#### YOUR ASSIGNMENT:
Transcribe, without any alteration, only the lines that begin at the line containing "e)) \<le> 467/100" and run to the last line below.

++++ PROVIDED RECORDS

lemma mul_closed_cball_P:
  assumes "e \<in> Sk \<theta> 1" "f \<in> Sk \<theta> 1" "\<theta> e \<in> cball P (12 * \<delta>)" "\<theta> f \<in> cball P (12 * \<delta>)"
  shows "\<theta> (mul e f) \<in> cball P (12 * \<delta>)"
proof -
  have e: "mul e0 e \<in> Sk \<theta> 1" and f: "mul e0 f \<in> Sk \<theta> 1" using cball_P_iff assms by blast+
  have split: "mul (mul e0 e) (mul e0 f) = mul e0 (mul e f)" by (metis assoc left_commute left_idem)
  have "mul e0 (mul e f) \<in> Sk \<theta> 1"
  proof (rule ccontr)
    assume "mul e0 (mul e f) \<notin> Sk \<theta> 1"
    then have "mul (mul e0 e) (mul e0 f) \<in> Sk \<theta> 0"
      using Sk1_mul_cases[OF e, of "mul e0 f"] unfolding split by blast
    then have "dist (\<theta> (mul e0 f)) (mat 1 - \<theta> (mul e0 e)) \<le> 823/100 * \<delta>"
      by (rule Sk1_mul_Sk0_dist[OF e f])
    moreover have "dist (\<theta> e0) (\<theta> (mul e0 e)) \<le> 467/100 * \<delta>" "dist (\<theta> e0) (\<theta> (mul e0 f)) \<le> 467/100 * \<delta>"
      using Sk_same_dist[OF left_idem anchor] e f by blast+
    moreover have "dist (mat 1 - \<theta> (mul e0 e)) (mat 1 - \<theta> e0) = dist (\<theta> (mul e0 e)) (\<theta> e0)"
      by (rule dist_complement)
    ultimately have "dist (\<theta> e0) (mat 1 - \<theta> e0) \<le> 1757/100 * \<delta>" by metric
    then show False using reflection_far[of e0] delta_small by linarith
  qed
  moreover have "mul e f \<in> Sk \<theta> 1"
    by (rule Sk1_between[OF assms(1) \<open>mul e0 (mul e f) \<in> Sk \<theta> 1\<close> left_idem])
      (metis left_commute idem)
  ultimately show ?thesis using in_cball_P by blast
qed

++++++++

#### OUTPUT FOR THIS TASK:
    moreover have "dist (\<theta> e0) (\<theta> (mul e0 e)) \<le> 467/100 * \<delta>" "dist (\<theta> e0) (\<theta> (mul e0 f)) \<le> 467/100 * \<delta>"
      using Sk_same_dist[OF left_idem anchor] e f by blast+
    moreover have "dist (mat 1 - \<theta> (mul e0 e)) (mat 1 - \<theta> e0) = dist (\<theta> (mul e0 e)) (\<theta> e0)"
      by (rule dist_complement)
    ultimately have "dist (\<theta> e0) (mat 1 - \<theta> e0) \<le> 1757/100 * \<delta>" by metric
    then show False using reflection_far[of e0] delta_small by linarith
  qed
  moreover have "mul e f \<in> Sk \<theta> 1"
    by (rule Sk1_between[OF assms(1) \<open>mul e0 (mul e f) \<in> Sk \<theta> 1\<close> left_idem])
      (metis left_commute idem)
  ultimately show ?thesis using in_cball_P by blast
qed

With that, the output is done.